» **Required work**
Filter the entries down to the lines holding "subseteq", then copy those lines.

*** Exercise data ***

(* Let $\mathcal G_n=\{x_{i,n}\}_{i=1,\ldots,d_n}$ be an asymptotically uniform grid in $[a,b]$ with $d_n\to\infty$, and let $\mathcal G_n'=\{x'_{i,n}\}_{i=1,\ldots,d'_n}$ be a sequence of $d_n'$ real points such that $\mathcal G_n'\subset[a-\epsilon_n,b+\epsilon_n]$ for some $\epsilon_n\to0$ and $|\mathcal G_n\triangle\mathcal G_n'|=o(d_n)$ as $n\to\infty$. Then $d_n'/d_n\to1$ as $n\to\infty$, and $\mathcal G_n'$, with its points rearranged in increasing order, is an asymptotically uniform grid in $[a,b]$.
   Context: A sequence of points $\{x_{i,n}\}_{i=1,\ldots,m_n}$ is an asymptotically uniform grid in $[a,b]$ if $\max_{i=1,\ldots,m_n}|x_{i,n}-(a+i(b-a)/m_n)|\to0$. The sequences of points $\mathcal G_n,\mathcal G_n'$ are regarded as finite multisets, and $\mathcal G_n\triangle\mathcal G_n'=(\mathcal G_n\setminus\mathcal G_n')\cup(\mathcal G_n'\setminus\mathcal G_n)$ is the multiset symmetric difference (counting multiplicities). *)

theory Defs
  imports "HOL-Analysis.Analysis" "HOL-Library.Multiset" "HOL-Library.Landau_Symbols"
begin

definition asymp_uniform_grid ::
  "(nat \<Rightarrow> nat \<Rightarrow> real) \<Rightarrow> (nat \<Rightarrow> nat) \<Rightarrow> real \<Rightarrow> real \<Rightarrow> bool" where
  "asymp_uniform_grid x m a b \<longleftrightarrow>
     (\<forall>e>0. eventually (\<lambda>n. \<forall>i\<in>{1..m n}.
         \<bar>x n i - (a + real i * (b - a) / real (m n))\<bar> < e) sequentially)"

definition grid_mset :: "(nat \<Rightarrow> nat \<Rightarrow> real) \<Rightarrow> (nat \<Rightarrow> nat) \<Rightarrow> nat \<Rightarrow> real multiset" where
  "grid_mset x m n = image_mset (x n) (mset_set {1..m n})"

definition mset_symdiff :: "'a multiset \<Rightarrow> 'a multiset \<Rightarrow> 'a multiset" where
  "mset_symdiff A B = (A - B) + (B - A)"

definition sorted_grid :: "(nat \<Rightarrow> nat \<Rightarrow> real) \<Rightarrow> (nat \<Rightarrow> nat) \<Rightarrow> nat \<Rightarrow> nat \<Rightarrow> real" where
  "sorted_grid x m n i = sort (map (x n) [1..<m n + 1]) ! (i - 1)"

end

(* Write N(t) and N'(t) for the number of points <= t of the two grids and D for the size of
   their symmetric difference.  Then |N - N'| <= D, in particular |d - d'| <= D = o(d), which
   gives d'/d -> 1.  The k-th smallest point y of G' is characterised by y <= t <-> k <= N'(t).
   Since G deviates by less than delta from the uniform grid of step h = (b - a)/d, N(t) >= j as
   soon as t >= a + j h + delta, and N(t) < j as soon as t <= a + j h - delta.  Passing to N'
   at the cost of D, or using G' in [a - eps, b + eps] when k is within D of either end, gives
   |y - (a + k (b - a)/d')| <= max delta eps + 2 D h, and D h -> 0. *)

theory Submission
  imports Defs
begin

definition grid_count :: "(nat \<Rightarrow> nat \<Rightarrow> real) \<Rightarrow> (nat \<Rightarrow> nat) \<Rightarrow> nat \<Rightarrow> real \<Rightarrow> nat" where
  "grid_count x m n t = size (filter_mset (\<lambda>y. y \<le> t) (grid_mset x m n))"

lemma mset_symdiff_commute: "mset_symdiff A B = mset_symdiff B A"
  by (simp add: mset_symdiff_def add.commute)

lemma size_filter_mset_le_symdiff:
  "size (filter_mset P A) \<le> size (filter_mset P B) + size (mset_symdiff A B)"
proof -
  have "A \<subseteq># (A - B) + B"
    using subset_eq_diff_conv by blast
  then have "filter_mset P A \<subseteq># filter_mset P (A - B) + filter_mset P B"
    by (metis multiset_filter_mono filter_union_mset)
  then have "size (filter_mset P A) \<le> size (filter_mset P (A - B)) + size (filter_mset P B)"
    using size_mset_mono by fastforce
  also have "\<dots> \<le> size (A - B) + size (filter_mset P B)"
    by (rule add_right_mono, rule size_filter_mset_lesseq)
  finally show ?thesis
    by (simp add: mset_symdiff_def)
qed

lemma abs_size_diff_le_symdiff:
  "\<bar>real (size A) - real (size B)\<bar> \<le> real (size (mset_symdiff A B))"
  using size_filter_mset_le_symdiff[of "\<lambda>_. True" A B]
    size_filter_mset_le_symdiff[of "\<lambda>_. True" B A]
  by (simp add: mset_symdiff_commute[of B A])

lemma sorted_nth_le_iff_length_filter:
  fixes ys :: "'a::linorder list"
  assumes "sorted ys" and "k < length ys"
  shows "ys ! k \<le> t \<longleftrightarrow> k < length (filter (\<lambda>y. y \<le> t) ys)"
proof
  assume "ys ! k \<le> t"
  have "{..k} \<subseteq> {i. i < length ys \<and> ys ! i \<le> t}"
  proof
    fix i assume "i \<in> {..k}"
    then have "i < length ys" and "ys ! i \<le> ys ! k"
      using assms sorted_nth_mono by auto
    with \<open>ys ! k \<le> t\<close> show "i \<in> {i. i < length ys \<and> ys ! i \<le> t}"
      by simp
  qed
  then have "card {..k} \<le> card {i. i < length ys \<and> ys ! i \<le> t}"
    by (intro card_mono) auto
  then show "k < length (filter (\<lambda>y. y \<le> t) ys)"
    by (simp add: length_filter_conv_card)
next
  assume less: "k < length (filter (\<lambda>y. y \<le> t) ys)"
  show "ys ! k \<le> t"
  proof (rule ccontr)
    assume "\<not> ys ! k \<le> t"
    have "{i. i < length ys \<and> ys ! i \<le> t} \<subseteq> {..<k}"
    proof
      fix i assume i: "i \<in> {i. i < length ys \<and> ys ! i \<le> t}"
      show "i \<in> {..<k}"
      proof (rule ccontr)
        assume "i \<notin> {..<k}"
        then have "ys ! k \<le> ys ! i"
          using sorted_nth_mono[OF assms(1), of k i] i by simp
        with i \<open>\<not> ys ! k \<le> t\<close> show False
          by (auto dest: order_trans)
      qed
    qed
    then have "card {i. i < length ys \<and> ys ! i \<le> t} \<le> k"
      using card_mono[of "{..<k}"] by fastforce
    with less show False
      by (simp add: length_filter_conv_card)
  qed
qed

lemma size_grid_mset [simp]: "size (grid_mset x m n) = m n"
  by (simp add: grid_mset_def)

lemma abs_grid_size_diff_le_symdiff:
  "\<bar>real (d' n) - real (d n)\<bar> \<le> real (size (mset_symdiff (grid_mset x d n) (grid_mset x' d' n)))"
  using abs_size_diff_le_symdiff[of "grid_mset x' d' n" "grid_mset x d n"]
  by (simp add: mset_symdiff_commute)

lemma grid_count_eq_card: "grid_count x m n t = card {i \<in> {1..m n}. x n i \<le> t}"
  by (simp add: grid_count_def grid_mset_def filter_mset_image_mset)

lemma grid_count_le_symdiff:
  "grid_count x m n t
     \<le> grid_count x' m' n t + size (mset_symdiff (grid_mset x m n) (grid_mset x' m' n))"
  unfolding grid_count_def by (rule size_filter_mset_le_symdiff)

lemma sorted_grid_le_iff:
  assumes "k \<in> {1..m n}"
  shows "sorted_grid x m n k \<le> t \<longleftrightarrow> k \<le> grid_count x m n t"
proof -
  let ?ys = "sort (map (x n) [1..<m n + 1])"
  have "{1..<m n + 1} = {1..m n}"
    by auto
  then have "mset ?ys = grid_mset x m n"
    by (simp only: grid_mset_def mset_sort mset_map mset_upt)
  then have "length (filter (\<lambda>y. y \<le> t) ?ys) = grid_count x m n t"
    by (metis grid_count_def mset_filter size_mset)
  moreover have "k - 1 < length ?ys"
    using assms by auto
  ultimately show ?thesis
    using sorted_nth_le_iff_length_filter[of ?ys "k - 1" t] assms
    by (auto simp: sorted_grid_def)
qed

lemma sorted_grid_mem:
  assumes "k \<in> {1..m n}"
  obtains j where "j \<in> {1..m n}" and "sorted_grid x m n k = x n j"
proof -
  let ?ys = "sort (map (x n) [1..<m n + 1])"
  have "?ys ! (k - 1) \<in> set ?ys"
    using assms by (intro nth_mem) auto
  then have "sorted_grid x m n k \<in> x n ` {1..m n}"
    by (auto simp: sorted_grid_def)
  then show ?thesis
    using that by blast
qed

lemma le_grid_count:
  fixes x :: "nat \<Rightarrow> nat \<Rightarrow> real"
  assumes "0 \<le> h" and grid: "\<forall>i\<in>{1..d n}. \<bar>x n i - (a + real i * h)\<bar> < \<delta>"
    and "j \<le> d n" and "a + real j * h + \<delta> \<le> t"
  shows "j \<le> grid_count x d n t"
proof -
  have "{1..j} \<subseteq> {i \<in> {1..d n}. x n i \<le> t}"
  proof
    fix i assume i: "i \<in> {1..j}"
    then have "real i * h \<le> real j * h"
      using assms(1) by (simp add: mult_right_mono)
    moreover have "\<bar>x n i - (a + real i * h)\<bar> < \<delta>"
      using grid i \<open>j \<le> d n\<close> by auto
    ultimately show "i \<in> {i \<in> {1..d n}. x n i \<le> t}"
      using i \<open>j \<le> d n\<close> assms(4) by (auto simp: abs_less_iff)
  qed
  then have "card {1..j} \<le> card {i \<in> {1..d n}. x n i \<le> t}"
    by (intro card_mono) auto
  then show ?thesis
    by (simp add: grid_count_eq_card)
qed

lemma grid_count_less:
  fixes x :: "nat \<Rightarrow> nat \<Rightarrow> real"
  assumes "0 \<le> h" and grid: "\<forall>i\<in>{1..d n}. \<bar>x n i - (a + real i * h)\<bar> < \<delta>"
    and "0 < j" and "t \<le> a + real j * h - \<delta>"
  shows "grid_count x d n t < j"
proof -
  have "{i \<in> {1..d n}. x n i \<le> t} \<subseteq> {1..<j}"
  proof
    fix i assume i: "i \<in> {i \<in> {1..d n}. x n i \<le> t}"
    then have "a + real i * h - \<delta> < x n i"
      using grid by fastforce
    with i assms(4) have "real i * h < real j * h"
      by auto
    then have "i < j"
      using \<open>0 \<le> h\<close> by (simp add: mult_less_cancel_right)
    then show "i \<in> {1..<j}"
      using i by auto
  qed
  then have "card {i \<in> {1..d n}. x n i \<le> t} \<le> card {1..<j}"
    by (intro card_mono) auto
  then show ?thesis
    using \<open>0 < j\<close> by (simp add: grid_count_eq_card)
qed

lemma sorted_grid_upper_bound:
  fixes x x' :: "nat \<Rightarrow> nat \<Rightarrow> real" and D :: nat
  assumes "0 \<le> h" and b: "b = a + real (d n) * h"
    and grid: "\<forall>i\<in>{1..d n}. \<bar>x n i - (a + real i * h)\<bar> < \<delta>"
    and below: "\<forall>i\<in>{1..d' n}. x' n i \<le> b + \<epsilon>"
    and symdiff: "size (mset_symdiff (grid_mset x d n) (grid_mset x' d' n)) \<le> D"
    and k: "k \<in> {1..d' n}"
  shows "sorted_grid x' d' n k \<le> a + real (k + D) * h + max \<delta> \<epsilon>"
proof (cases "k + D \<le> d n")
  case True
  define t where "t = a + real (k + D) * h + \<delta>"
  have "k + D \<le> grid_count x d n t"
    using le_grid_count[where x = x and d = d and n = n, OF \<open>0 \<le> h\<close> grid True]
    by (simp add: t_def)
  moreover have "grid_count x d n t \<le> grid_count x' d' n t + D"
    using grid_count_le_symdiff[of x d n t x' d'] symdiff by linarith
  ultimately have "sorted_grid x' d' n k \<le> t"
    using sorted_grid_le_iff[where x = x' and m = d' and n = n and t = t, OF k] by linarith
  then show ?thesis
    by (simp add: t_def)
next
  case False
  obtain j where "j \<in> {1..d' n}" and "sorted_grid x' d' n k = x' n j"
    using sorted_grid_mem[where x = x' and m = d' and n = n, OF k] .
  then have "sorted_grid x' d' n k \<le> a + real (d n) * h + \<epsilon>"
    using below b by auto
  moreover have "real (d n) * h \<le> real (k + D) * h"
    using False \<open>0 \<le> h\<close> by (intro mult_right_mono) auto
  ultimately show ?thesis
    by linarith
qed

lemma sorted_grid_lower_bound:
  fixes x x' :: "nat \<Rightarrow> nat \<Rightarrow> real" and D :: nat
  assumes "0 \<le> h"
    and grid: "\<forall>i\<in>{1..d n}. \<bar>x n i - (a + real i * h)\<bar> < \<delta>"
    and above: "\<forall>i\<in>{1..d' n}. a - \<epsilon> \<le> x' n i"
    and symdiff: "size (mset_symdiff (grid_mset x d n) (grid_mset x' d' n)) \<le> D"
    and k: "k \<in> {1..d' n}"
  shows "a + (real k - real D) * h - max \<delta> \<epsilon> \<le> sorted_grid x' d' n k"
proof (cases "D < k")
  case True
  define t where "t = a + real (k - D) * h - \<delta>"
  have "grid_count x d n t < k - D"
    using grid_count_less[where x = x and d = d and n = n, OF \<open>0 \<le> h\<close> grid] True
    by (simp add: t_def)
  moreover have "grid_count x' d' n t \<le> grid_count x d n t + D"
    using grid_count_le_symdiff[of x' d' n t x d] symdiff by (simp add: mset_symdiff_commute)
  ultimately have "\<not> sorted_grid x' d' n k \<le> t"
    using sorted_grid_le_iff[where x = x' and m = d' and n = n and t = t, OF k] by linarith
  then show ?thesis
    using True by (simp add: t_def of_nat_diff)
next
  case False
  obtain j where "j \<in> {1..d' n}" and "sorted_grid x' d' n k = x' n j"
    using sorted_grid_mem[where x = x' and m = d' and n = n, OF k] .
  then have "a - \<epsilon> \<le> sorted_grid x' d' n k"
    using above by auto
  moreover have "(real k - real D) * h \<le> 0"
    using False \<open>0 \<le> h\<close> by (simp add: mult_nonpos_nonneg)
  ultimately show ?thesis
    by linarith
qed

lemma abs_uniform_node_shift_le:
  fixes L :: real and k m m' :: nat
  assumes "0 \<le> L" and "0 < m" and "k \<le> m'"
  shows "\<bar>real k * L / real m - real k * L / real m'\<bar> \<le> \<bar>real m' - real m\<bar> * L / real m"
proof (cases "k = 0")
  case False
  then have "0 < m'"
    using assms(3) by simp
  have "real k * L / real m - real k * L / real m' = real k / real m' * ((real m' - real m) * L / real m)"
    using \<open>0 < m\<close> \<open>0 < m'\<close> by (simp add: field_simps)
  then have "\<bar>real k * L / real m - real k * L / real m'\<bar>
               = real k / real m' * (\<bar>real m' - real m\<bar> * L / real m)"
    using assms(1) by (simp add: abs_mult)
  also have "\<dots> \<le> 1 * (\<bar>real m' - real m\<bar> * L / real m)"
    using assms \<open>0 < m'\<close> by (intro mult_right_mono) auto
  finally show ?thesis
    by simp
qed (use assms in simp)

*** End of Exercise data ***

» **Response to this exercise**
  have "A \<subseteq># (A - B) + B"
  then have "filter_mset P A \<subseteq># filter_mset P (A - B) + filter_mset P B"
  have "{..k} \<subseteq> {i. i < length ys \<and> ys ! i \<le> t}"
    have "{i. i < length ys \<and> ys ! i \<le> t} \<subseteq> {..<k}"
  have "{1..j} \<subseteq> {i \<in> {1..d n}. x n i \<le> t}"
  have "{i \<in> {1..d n}. x n i \<le> t} \<subseteq> {1..<j}"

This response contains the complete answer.